DATA EXCERPTS section start

lemma sum_inverse_odd_primes_le_pow2:
  fixes A :: "nat set"
  assumes "\<forall>q\<in>A. prime q \<and> 3 \<le> q" "3 \<le> J"
  shows "(\<Sum>q\<in>{q\<in>A. q \<le> 2 ^ Suc J}. 1 / real q) \<le> 4/3 + 2 * ln (real J / 3)"
  using assms(2)
proof (induction J rule: nat_induct_at_least)
  case base
  have "{q\<in>A. q \<le> 2 ^ Suc 3} \<subseteq> {3, 5, 7, 9, 11, 13, 15}"
  proof
    fix q assume "q \<in> {q\<in>A. q \<le> 2 ^ Suc 3}"
    then have "odd q" "3 \<le> q" "q \<le> 16"
      using assms(1) prime_odd_nat by auto
    then show "q \<in> {3, 5, 7, 9, 11, 13, 15}"
      unfolding insert_iff empty_iff by presburger
  qed
  then have "(\<Sum>q\<in>{q\<in>A. q \<le> 2 ^ Suc 3}. 1 / real q) \<le> (\<Sum>q\<in>{3, 5, 7, 9, 11, 13, 15::nat}. 1 / real q)"
    by (intro sum_mono2) auto
  then show ?case
    by simp
next
  case (Suc J)
  have "{q\<in>A. q \<le> 2 ^ Suc (Suc J)} = {q\<in>A. q \<le> 2 ^ Suc J} \<union> {q\<in>A. 2 ^ Suc J < q \<and> q \<le> 2 * 2 ^ Suc J}"
    by auto
  then have "(\<Sum>q\<in>{q\<in>A. q \<le> 2 ^ Suc (Suc J)}. 1 / real q)
      = (\<Sum>q\<in>{q\<in>A. q \<le> 2 ^ Suc J}. 1 / real q) + (\<Sum>q\<in>{q\<in>A. 2 ^ Suc J < q \<and> q \<le> 2 * 2 ^ Suc J}. 1 / real q)"
    by (simp only:) (rule sum.union_disjoint, auto intro: finite_subset[of _ "{..2 ^ Suc (Suc J)}"])
  also have "\<dots> \<le> (4/3 + 2 * ln (real J / 3)) + 2 / real (Suc J)"
    using Suc.IH sum_inverse_primes_dyadic_le[of A "Suc J"] assms(1) by (intro add_mono) auto
  also have "\<dots> \<le> 4/3 + 2 * ln (real (Suc J) / 3)"
  proof -
    have J: "0 < real J"
      using Suc.hyps by simp
    have "1 / real (Suc J) \<le> ln (real (Suc J) / real J)"
      using one_minus_inverse_le_ln[of "real (Suc J) / real J"] J by (simp add: field_simps)
    also have "\<dots> = ln (real (Suc J) / 3) - ln (real J / 3)"
      using J by (simp add: ln_div)
    finally show ?thesis
      by simp
  qed
  finally show ?case .
qed

lemma sum_inverse_odd_primes_le_card:
  fixes A :: "nat set"
  assumes "finite A" "\<forall>q\<in>A. prime q \<and> 3 \<le> q"
  shows "(\<Sum>q\<in>A. 1 / real q) \<le> 2/15 + real (card A) / 5"
proof -
  have "(\<Sum>q\<in>A - {3}. 1 / real q) \<le> (\<Sum>q\<in>A - {3}. 1 / 5)"
  proof (rule sum_mono)
    fix q assume q: "q \<in> A - {3}"
    then have "q \<noteq> 4"
      using assms(2) prime_odd_nat[of q] by auto
    then have "5 \<le> real q"
      using q assms(2) by auto
    then show "1 / real q \<le> 1 / 5"
      by (simp add: frac_le)
  qed
  then have rest: "(\<Sum>q\<in>A - {3}. 1 / real q) \<le> real (card (A - {3})) / 5"
    by simp
  show ?thesis
  proof (cases "3 \<in> A")
    case True
    then have "card (A - {3}) = card A - 1" "1 \<le> card A"
      using assms(1) by (auto simp: Suc_le_eq card_gt_0_iff)
    then show ?thesis
      using True rest assms(1) by (simp add: sum.remove of_nat_diff diff_divide_distrib)
  next
    case False
    then have "(\<Sum>q\<in>A. 1 / real q) \<le> real (card A) / 5"
      using rest by simp
    then show ?thesis
      by linarith
  qed
qed
lemma spreading_increases_capacity:
  assumes "e \<le> 1" "0 \<le> x'" "x' < x" "x \<le> y" "y < y'" "y' \<le> 1"
    and same_weight: "(x' - e) * c x' + (y' - e) * c y' = (x - e) * c x + (y - e) * c y"
  shows "c x + c y < c x' + c y'"
proof -
  define T\<^sub>1 T\<^sub>2 where "T\<^sub>1 = secant_ratio A B x' x" and "T\<^sub>2 = secant_ratio A B y y'"
  have rates: "(T\<^sub>1 - e) * (c x - c x') = (T\<^sub>2 - e) * (c y' - c y)"
    using increment_ratio[of x' x e] increment_ratio[of y y' e] assms
    unfolding T\<^sub>1_def T\<^sub>2_def by auto
  have "T\<^sub>2 < T\<^sub>1" "1 < T\<^sub>2"
    unfolding T\<^sub>1_def T\<^sub>2_def using assms secant_ratio_decreasing[OF B_pos B_less_A]
      secant_ratio_gt_one[OF B_pos B_less_A] by auto
  moreover have "0 < c x - c x'" using capacity_strict_mono assms by simp
  ultimately have "(T\<^sub>2 - e) * (c x - c x') < (T\<^sub>1 - e) * (c x - c x')"
    by (intro mult_strict_right_mono) auto
  also have "\<dots> = (T\<^sub>2 - e) * (c y' - c y)" by (rule rates)
  finally show ?thesis using \<open>1 < T\<^sub>2\<close> \<open>e \<le> 1\<close> by simp
qed

end

lemma spread_preserving_sum:
  fixes g :: "real \<Rightarrow> real"
  assumes cont: "continuous_on {0..1} g" and mono: "strict_mono_on {0..1} g"
    and "0 < x" "x \<le> y" "y < 1"
  shows "\<exists>x' y'. 0 \<le> x' \<and> x' < x \<and> y < y' \<and> y' \<le> 1 \<and> g x' + g y' = g x + g y"
proof -
  have less: "g u < g v \<longleftrightarrow> u < v" if "u \<in> {0..1}" "v \<in> {0..1}" for u v
    using strict_mono_on_less[OF mono that] .
  have unit: "0 \<in> {0..1::real}" "1 \<in> {0..1::real}" "x \<in> {0..1}" "y \<in> {0..1}"
    using assms by auto
  have "g 0 < g x" "g x \<le> g y" "g y < g 1"
    using less[OF unit(1,3)] less[OF unit(4,2)] strict_mono_on_less_eq[OF mono unit(3,4)] assms
    by auto
  show ?thesis
  proof (cases "g 0 \<le> g x + g y - g 1")
    case True
    moreover have "g x + g y - g 1 \<le> g 1" using \<open>g x \<le> g y\<close> \<open>g y < g 1\<close> by simp
    ultimately obtain x' where x': "0 \<le> x'" "x' \<le> 1" "g x' = g x + g y - g 1"
      using IVT'[of g 0 "g x + g y - g 1" 1, OF _ _ _ cont] by auto
    then have "g x' < g x" using \<open>g y < g 1\<close> by simp
    then have "x' < x" using less[of x' x] x' unit(3) by simp
    then show ?thesis using x' assms by (intro exI[of _ x'] exI[of _ 1]) simp
  next
    case False
    moreover have "g 0 \<le> g x + g y - g 0" using \<open>g 0 < g x\<close> \<open>g x \<le> g y\<close> by simp
    ultimately obtain y' where y': "0 \<le> y'" "y' \<le> 1" "g y' = g x + g y - g 0"
      using IVT'[of g 0 "g x + g y - g 0" 1, OF _ _ _ cont] by auto
    then have "g y < g y'" using \<open>g 0 < g x\<close> by simp
    then have "y < y'" using less[of y y'] y' unit(4) by simp
    then show ?thesis using y' assms by (intro exI[of _ 0] exI[of _ y']) simp
  qed
qed
lemma mem_generate_if_cyclic_graph_adj:
  assumes fin: "finite (carrier G)" and p: "Factorial_Ring.prime p"
    and z: "z \<in> carrier G" "ord z = p" "is_p_group_set p (elem_centralizer G z)"
    and zw: "z \<in> generate G {w}" and adj: "cyclic_graph_adj G w v"
  shows "z \<in> generate G {v}"
proof -
  have wv: "w \<in> carrier G" "v \<in> carrier G" "v \<noteq> \<one>"
    and "cyclic_group (subgroup_generated G {w, v})"
    using adj by (auto simp: cyclic_graph_adj_def cyclic_graph_vertices_def)
  then obtain c where c: "c \<in> carrier G" "generate G {w, v} = generate G {c}"
    using cyclic_group_subgroup_generated_iff[of "{w, v}"] by auto
  then have "z \<in> generate G {c}" "v \<in> generate G {c}"
    using zw mono_generate[of "{w}" "{w, v}"] by (auto intro: generate.incl)
  then obtain a :: nat where "z = c [^] a"
    using generate_pow_on_finite_carrier[OF fin c(1)] by blast
  then have "c \<otimes> z = z \<otimes> c"
    using c(1) by (simp only: flip: nat_pow_Suc nat_pow_Suc2)
  then have "c \<in> elem_centralizer G z"
    using c(1) by (simp add: elem_centralizer_def)
  then obtain m where "ord c dvd p ^ m"
    using ord_dvd_card_subgroup[OF subgroup_elem_centralizer[OF z(1)]] z(3)
    unfolding is_p_group_set_def by metis
  then have "ord v dvd p ^ m"
    using ord_dvd_ord_of_mem_generate[OF c(1) \<open>v \<in> generate G {c}\<close>] by (rule dvd_trans[rotated])
  moreover have "ord v \<noteq> 1"
    using wv ord_eq_1 by blast
  ultimately have "p dvd ord v"
    using p by (auto simp: divides_primepow_nat)
  define v' where "v' = v [^] (ord v div p)"
  have "ord v' = p"
    unfolding v'_def using fin wv(2) p \<open>p dvd ord v\<close> by (rule ord_pow_ord_div_prime)
  have "v' \<in> generate G {v}"
    unfolding v'_def generate_pow_on_finite_carrier[OF fin wv(2)] by blast
  moreover have "generate G {v} \<subseteq> generate G {c}"
    using c(1) \<open>v \<in> generate G {c}\<close> by (rule generate_singleton_subset)
  ultimately have "generate G {z} = generate G {v'}"
    using generate_eq_if_ord_eq[OF fin c(1) \<open>z \<in> generate G {c}\<close>] \<open>ord v' = p\<close> z(2) by blast
  moreover have "generate G {v'} \<subseteq> generate G {v}"
    using wv(2) \<open>v' \<in> generate G {v}\<close> by (rule generate_singleton_subset)
  ultimately show ?thesis
    using generate.incl[of z "{z}"] by blast
qed

lemma mem_generate_if_cyclic_graph_reach:
  assumes "finite (carrier G)" "Factorial_Ring.prime p"
    and "z \<in> carrier G" "ord z = p" "is_p_group_set p (elem_centralizer G z)"
    and "(z, v) \<in> (cyclic_graph_edges G)\<^sup>*"
  shows "z \<in> generate G {v}"
  using assms(6)
proof (induction rule: rtrancl_induct)
  case base
  then show ?case
    by (simp add: generate.incl)
next
  case (step w v)
  then show ?case
    using mem_generate_if_cyclic_graph_adj[OF assms(1-5)] by (simp add: cyclic_graph_edges_def)
qed

end

lemma pow_DirProd: "(a, b) [^]\<^bsub>G \<times>\<times> H\<^esub> (n::nat) = (a [^]\<^bsub>G\<^esub> n, b [^]\<^bsub>H\<^esub> n)"
  by (induction n) auto

lemma ord_DirProd:
  assumes "group G" "group H" "a \<in> carrier G" "b \<in> carrier H"
  shows "group.ord (G \<times>\<times> H) (a, b) = lcm (group.ord G a) (group.ord H b)"
proof -
  interpret GH: group "G \<times>\<times> H"
    using assms(1,2) by (rule DirProd_group)
  show ?thesis
    using assms by (simp add: GH.ord_unique pow_DirProd group.pow_eq_id)
qed
lemma std_filt_1_subset_subspace_pow:
  assumes "fin_digraph G" "fd_generating K G V"
  obtains k where "std_filt K G 1 \<subseteq> subspace_pow K G V k"
proof -
  let ?B = "{basis_elt K p |p. is_path G p \<and> path_len p \<le> 1}"
  have "finite ?B"
    using finite_paths[OF assms(1)] by (rule finite_image_set)
  moreover have "?B \<subseteq> (\<Union>n. subspace_pow K G V n)"
    using assms(2) basis_elt_mem_std_filt
    by (fastforce simp: fd_generating_def path_algebra_eq_UN_std_filt)
  ultimately obtain k where "?B \<subseteq> subspace_pow K G V k"
    using mono_subspace_pow by (rule finite_subset_UN_mono)
  then have "std_filt K G 1 \<subseteq> subspace_pow K G V k"
    unfolding std_filt_def by (rule ps.span_minimal[OF _ subspace_subspace_pow])
  then show ?thesis ..
qed

lemma subspace_pow_finite_span:
  assumes "fin_digraph G" "fd_generating K G V"
  obtains F where "finite F" "subspace_pow K G V n \<subseteq> kspan F"
proof -
  obtain M where "V \<subseteq> std_filt K G M"
    using assms(2) by (rule fd_generating_subset_std_filt)
  then have "subspace_pow K G V n \<subseteq> kspan {basis_elt K p |p. is_path G p \<and> path_len p \<le> M * n}"
    using subspace_pow_subset_std_filt[OF assms(1)] by (simp add: std_filt_def)
  moreover have "finite {basis_elt K p |p. is_path G p \<and> path_len p \<le> M * n}"
    using finite_paths[OF assms(1)] by (rule finite_image_set)
  ultimately show ?thesis
    using that by blast
qed

lemma mono_dim_subspace_pow:
  assumes "fin_digraph G" "fd_generating K G V"
  shows "mono (\<lambda>n. kdim (subspace_pow K G V n))"
proof (rule monoI)
  fix a b :: nat assume "a \<le> b"
  obtain F where "finite F" "subspace_pow K G V b \<subseteq> kspan F"
    using assms by (rule subspace_pow_finite_span)
  moreover have "subspace_pow K G V a \<subseteq> kspan (subspace_pow K G V b)"
    using mono_subspace_pow[THEN monoD, OF \<open>a \<le> b\<close>] ps.span_superset by blast
  ultimately show "kdim (subspace_pow K G V a) \<le> kdim (subspace_pow K G V b)"
    using ps.dim_mono_finite_span by blast
qed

DATA EXCERPTS section end

WHAT YOU HAVE TO DO
Using the records above, give the count of lines with the word "induction", and write nothing more.

FINISHED EXERCISE
3